I have a pandas dataframe
| From | To |
|---|---|
| A | B |
| A | C |
| D | E |
| F | F |
| B | G |
| B | H |
| B | I |
| G | J |
| G | K |
| L | L |
| M | M |
| N | N |
I want to convert it into multi column hierarchy. The expected hierarchy will look like
| Level_1 | Level_2 | Level_3 | Level_4 |
|---|---|---|---|
| A | B | G | J |
| A | B | G | K |
| A | B | H | |
| A | B | I | |
| A | C | ||
| D | E | ||
| F | F | ||
| L | L | ||
| M | M | ||
| N | N |
Is there an in-built way in pandas to achieve this?

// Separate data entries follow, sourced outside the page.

lemma DROC_set_nonempty:
  fixes A :: "real^'n^'m" and D :: "real^'d^'n"
  assumes DDt: "D ** transpose D = mat 1"
  shows "DROC_set A D s t \<noteq> {}"
proof -
  obtain B where B: "B > 0" "\<And>x. norm (A *v x) \<le> B * norm x"
    using matrix_vector_mult_bounded by blast
  have AD: "norm (A *v (D *v u)) \<le> B * norm u" for u
    using B(2)[of "D *v u"] norm_tight_frame_le[OF DDt, of u] B(1)
    by (meson mult_left_mono less_imp_le order_trans)
  have "B\<^sup>2 + 1 \<in> DROC_set A D s t"
  proof -
    have "\<bar>inner (A *v (D *v u)) (A *v (D *v v)) - inner (D *v u) (D *v v)\<bar> \<le> (B\<^sup>2 + 1) * norm u * norm v"
      for u v
    proof -
      have "\<bar>inner (A *v (D *v u)) (A *v (D *v v)) - inner (D *v u) (D *v v)\<bar>
          \<le> norm (A *v (D *v u)) * norm (A *v (D *v v)) + norm (D *v u) * norm (D *v v)"
        by (smt (verit) Cauchy_Schwarz_ineq2)
      also have "\<dots> \<le> (B * norm u) * (B * norm v) + norm u * norm v"
        by (intro add_mono mult_mono AD norm_tight_frame_le[OF DDt]) (use B(1) in auto)
      also have "\<dots> = (B\<^sup>2 + 1) * norm u * norm v" by (simp add: algebra_simps power2_eq_square)
      finally show ?thesis .
    qed
    then show ?thesis unfolding DROC_set_def by (auto intro: add_nonneg_nonneg)
  qed
  then show ?thesis by auto
qed

lemma DROC_nonneg:
  "D ** transpose D = mat 1 \<Longrightarrow> DROC A D s t \<ge> 0"
  unfolding DROC_eq_Inf by (intro cInf_greatest DROC_set_nonempty) (auto simp: DROC_set_def)

lemma DROC_bound:
  assumes "D ** transpose D = mat 1" "sparse s u" "sparse t v"
  shows "\<bar>inner (A *v (D *v u)) (A *v (D *v v)) - inner (D *v u) (D *v v)\<bar>
    \<le> DROC A D s t * (norm u * norm v)"
  unfolding DROC_eq_Inf
  by (rule le_Inf_mult[OF DROC_set_nonempty[OF assms(1)]]) (use assms in \<open>auto simp: DROC_set_def mult.assoc\<close>)

lemma exists_subset_of_largest:
  fixes f :: "'d::finite \<Rightarrow> real"
  shows "k \<le> card U \<Longrightarrow> \<exists>B\<subseteq>U. card B = k \<and> (\<forall>i\<in>B. \<forall>j\<in>U-B. \<bar>f j\<bar> \<le> \<bar>f i\<bar>)"
proof (induction k)
  case 0
  then show ?case by (intro exI[of _ "{}"]) auto
next
  case (Suc k)
  then obtain B where B: "B \<subseteq> U" "card B = k" "\<forall>i\<in>B. \<forall>j\<in>U-B. \<bar>f j\<bar> \<le> \<bar>f i\<bar>" by auto
  have "card (U - B) > 0" using Suc.prems B by (simp add: card_Diff_subset)
  then have ne: "U - B \<noteq> {}" by (metis card.empty less_irrefl)
  define mx where "mx = Max ((\<lambda>l. \<bar>f l\<bar>) ` (U - B))"
  have "mx \<in> (\<lambda>l. \<bar>f l\<bar>) ` (U - B)" unfolding mx_def using ne by (intro Max_in) auto
  then obtain j where j1: "j \<in> U - B" "\<bar>f j\<bar> = mx" by auto
  have "\<forall>l\<in>U-B. \<bar>f l\<bar> \<le> mx" unfolding mx_def by auto
  with j1 have j: "j \<in> U - B" "\<forall>l\<in>U-B. \<bar>f l\<bar> \<le> \<bar>f j\<bar>" by auto
  show ?case
  proof (intro exI[of _ "insert j B"] conjI)
    show "insert j B \<subseteq> U" using B j by auto
    show "card (insert j B) = Suc k" using B j by (simp add: finite_subset)
    show "\<forall>i\<in>insert j B. \<forall>l\<in>U - insert j B. \<bar>f l\<bar> \<le> \<bar>f i\<bar>" using B(3) j by auto
  qed
qed

text \<open>A variant of the shifting inequality of Cai, Wang and Xu.\<close>

lemma sqrt_sum_squares_le_spread:
  fixes f :: "'d \<Rightarrow> real"
  assumes fin: "finite B" and kpos: "k > 0" and cardB: "card B \<le> k"
    and bnd: "\<And>i. i \<in> B \<Longrightarrow> m \<le> \<bar>f i\<bar> \<and> \<bar>f i\<bar> \<le> M"
    and m0: "0 \<le> m" "m \<le> M" and short: "card B < k \<Longrightarrow> m = 0"
  shows "sqrt (\<Sum>i\<in>B. (f i)\<^sup>2) \<le> (\<Sum>i\<in>B. \<bar>f i\<bar>) / sqrt k + sqrt k * (M - m) / 4"
proof -
  define S1 where "S1 = (\<Sum>i\<in>B. \<bar>f i\<bar>)"
  define r where "r = sqrt k"
  have r: "r > 0" "r\<^sup>2 = k" using kpos by (auto simp: r_def)
  have pt: "(f i)\<^sup>2 \<le> (M + m) * \<bar>f i\<bar> - M * m" if "i \<in> B" for i
  proof -
    have "(\<bar>f i\<bar> - m) * (M - \<bar>f i\<bar>) \<ge> 0" using bnd[OF that] by simp
    then show ?thesis by (simp add: algebra_simps power2_eq_square)
  qed
  have "(\<Sum>i\<in>B. (f i)\<^sup>2) \<le> (\<Sum>i\<in>B. (M + m) * \<bar>f i\<bar> - M * m)"
    by (rule sum_mono) (rule pt)
  also have "\<dots> = (M + m) * S1 - card B * (M * m)"
    by (simp add: S1_def sum_subtractf sum_distrib_left)
  finally have Q: "(\<Sum>i\<in>B. (f i)\<^sup>2) \<le> (M + m) * S1 - card B * (M * m)" .
  have S1nn: "S1 \<ge> 0" by (simp add: S1_def sum_nonneg)
  have key: "(M + m) * S1 - card B * (M * m) \<le> (S1 / r + r * (M - m) / 4)\<^sup>2"
  proof (cases "card B < k")
    case True
    then have "m = 0" by (rule short)
    have "(S1 / r + r * (M - m) / 4)\<^sup>2 - (M + m) * S1 + card B * (M * m) = (S1 / r - r * M / 4)\<^sup>2"
      using r \<open>m = 0\<close> by (simp add: field_simps power2_eq_square)
    then show ?thesis by (smt (verit) zero_le_power2)
  next
    case False
    then have cB: "real (card B) = r * r" using cardB r by (simp add: power2_eq_square)
    have "(S1 / r + r * (M - m) / 4)\<^sup>2 - ((M + m) * S1 - card B * (M * m))
        = (S1 / r - r * (M + 3 * m) / 4)\<^sup>2 + r\<^sup>2 * m * (M - m) / 2"
      unfolding cB using r(1) by (simp add: field_simps power2_eq_square)
    moreover have "r\<^sup>2 * m * (M - m) / 2 \<ge> 0" using m0 by simp
    ultimately show ?thesis by (smt (verit) zero_le_power2)
  qed
  have rhs: "S1 / r + r * (M - m) / 4 \<ge> 0" using S1nn r m0 by simp
  have "sqrt (\<Sum>i\<in>B. (f i)\<^sup>2) \<le> sqrt ((S1 / r + r * (M - m) / 4)\<^sup>2)"
    using Q key by (intro real_sqrt_le_mono) linarith
  also have "\<dots> = S1 / r + r * (M - m) / 4" using rhs by simp
  finally show ?thesis by (simp add: S1_def r_def)
qed

text \<open>\<open>U\<close> is peeled into blocks of its \<open>k\<close> largest remaining entries; the spread terms
  telescope because the minimum of one block bounds the maximum of the next.\<close>

lemma additive_tail_bound:
  fixes E :: "real^'d \<Rightarrow> real" and v :: "real^'d"
  assumes add: "\<And>a b. E (a + b) = E a + E b"
    and blk: "\<And>B. card B \<le> k \<Longrightarrow> \<bar>E (vec_restrict B v)\<bar> \<le> c * norm (vec_restrict B v)"
    and c: "c \<ge> 0" and k: "k > 0"
  shows "(\<forall>i\<in>U. \<bar>v$i\<bar> \<le> M) \<Longrightarrow> 0 \<le> M \<Longrightarrow>
     \<bar>E (vec_restrict U v)\<bar> \<le> c * (norm1 (vec_restrict U v) / sqrt k + sqrt k * M / 4)"
proof (induction "card U" arbitrary: U M rule: less_induct)
  case less
  show ?case
  proof (cases "card U \<le> k")
    case True
    have "\<bar>E (vec_restrict U v)\<bar> \<le> c * norm (vec_restrict U v)" by (rule blk[OF True])
    also have "norm (vec_restrict U v) \<le> norm1 (vec_restrict U v) / sqrt k + sqrt k * (M - 0) / 4"
      unfolding norm_vec_restrict norm1_vec_restrict
      by (rule sqrt_sum_squares_le_spread) (use True k less.prems in auto)
    finally show ?thesis using c by (simp add: mult_left_mono)
  next
    case False
    then obtain B where B: "B \<subseteq> U" "card B = k" "\<forall>i\<in>B. \<forall>j\<in>U-B. \<bar>v$j\<bar> \<le> \<bar>v$i\<bar>"
      using exists_subset_of_largest[of k U "\<lambda>i. v$i"] by auto
    have Bne: "B \<noteq> {}" using B(2) k by auto
    define m where "m = Min ((\<lambda>i. \<bar>v$i\<bar>) ` B)"
    have "m \<in> (\<lambda>i. \<bar>v$i\<bar>) ` B" unfolding m_def using Bne by (intro Min_in) auto
    then obtain i0 where i0: "i0 \<in> B" "\<bar>v$i0\<bar> = m" by auto
    have mle: "\<And>i. i \<in> B \<Longrightarrow> m \<le> \<bar>v$i\<bar>" unfolding m_def by auto
    have m0: "0 \<le> m" using i0 by auto
    have mM: "m \<le> M" using i0 B(1) less.prems by auto
    have tailm: "\<forall>j\<in>U-B. \<bar>v$j\<bar> \<le> m" using B(3) i0 by auto
    have cardlt: "card (U - B) < card U"
      using B(1) B(2) False k by (simp add: card_Diff_subset)
    have IH: "\<bar>E (vec_restrict (U - B) v)\<bar> \<le> c * (norm1 (vec_restrict (U - B) v) / sqrt k + sqrt k * m / 4)"
      using less.hyps[OF cardlt] tailm m0 by blast
    have blkB: "\<bar>E (vec_restrict B v)\<bar> \<le> c * (norm1 (vec_restrict B v) / sqrt k + sqrt k * (M - m) / 4)"
    proof -
      have "\<bar>E (vec_restrict B v)\<bar> \<le> c * norm (vec_restrict B v)" using blk B(2) by simp
      also have "norm (vec_restrict B v) \<le> norm1 (vec_restrict B v) / sqrt k + sqrt k * (M - m) / 4"
        unfolding norm_vec_restrict norm1_vec_restrict
        by (rule sqrt_sum_squares_le_spread) (use B less.prems mle m0 mM k in auto)
      finally show ?thesis using c by (simp add: mult_left_mono)
    qed
    have split: "vec_restrict U v = vec_restrict B v + vec_restrict (U - B) v" using B(1) by (auto simp: vec_eq_iff)
    have n1: "norm1 (vec_restrict U v) = norm1 (vec_restrict B v) + norm1 (vec_restrict (U - B) v)"
      unfolding norm1_vec_restrict using B(1) by (simp add: sum.subset_diff)
    have "\<bar>E (vec_restrict U v)\<bar> \<le> \<bar>E (vec_restrict B v)\<bar> + \<bar>E (vec_restrict (U - B) v)\<bar>" unfolding split add by simp
    also have "\<dots> \<le> c * (norm1 (vec_restrict B v) / sqrt k + sqrt k * (M - m) / 4) + c * (norm1 (vec_restrict (U - B) v) / sqrt k + sqrt k * m / 4)"
      using blkB IH by simp
    also have "\<dots> = c * (norm1 (vec_restrict U v) / sqrt k + sqrt k * M / 4)"
      unfolding n1 by (simp add: add_divide_distrib diff_divide_distrib ring_distribs)
    finally show ?thesis .
  qed
qed

lemma norm_DRIC_upper:
  assumes "sparse s p"
  shows "norm (A *v (D *v p)) \<le> sqrt (1 + DRIC A D s) * norm (D *v p)"
proof -
  have "norm (A *v (D *v p)) = sqrt ((norm (A *v (D *v p)))\<^sup>2)" by simp
  also have "\<dots> \<le> sqrt ((1 + DRIC A D s) * (norm (D *v p))\<^sup>2)"
    by (rule real_sqrt_le_mono[OF DRIC_upper[OF assms]])
  also have "\<dots> = sqrt (1 + DRIC A D s) * norm (D *v p)" by (simp add: real_sqrt_mult)
  finally show ?thesis .
qed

I know i can use recursion, Is there any other simplified way?
Advertisement
Answer
You can easily get what you expect using networkx
# Python env: pip install networkx
# Anaconda env: conda install networkx
import networkx as nx
import pandas as pd
df = pd.DataFrame({'From': ['A', 'A', 'D', 'F', 'B', 'B', 'B', 'G', 'G', 'L', 'M', 'N'],
'To': ['B', 'C', 'E', 'F', 'G', 'H', 'I', 'J', 'K', 'L', 'M', 'N']})
G = nx.from_pandas_edgelist(df, source='From', target='To', create_using=nx.DiGraph)
roots = [v for v, d in G.in_degree() if d == 0]
leaves = [v for v, d in G.out_degree() if d == 0]
all_paths = []
for root in roots:
for leaf in leaves:
paths = nx.all_simple_paths(G, root, leaf)
all_paths.extend(paths)
for node in nx.nodes_with_selfloops(G):
all_paths.append([node, node])
Output:
>>> pd.DataFrame(sorted(all_paths)).add_prefix('Level_').fillna('')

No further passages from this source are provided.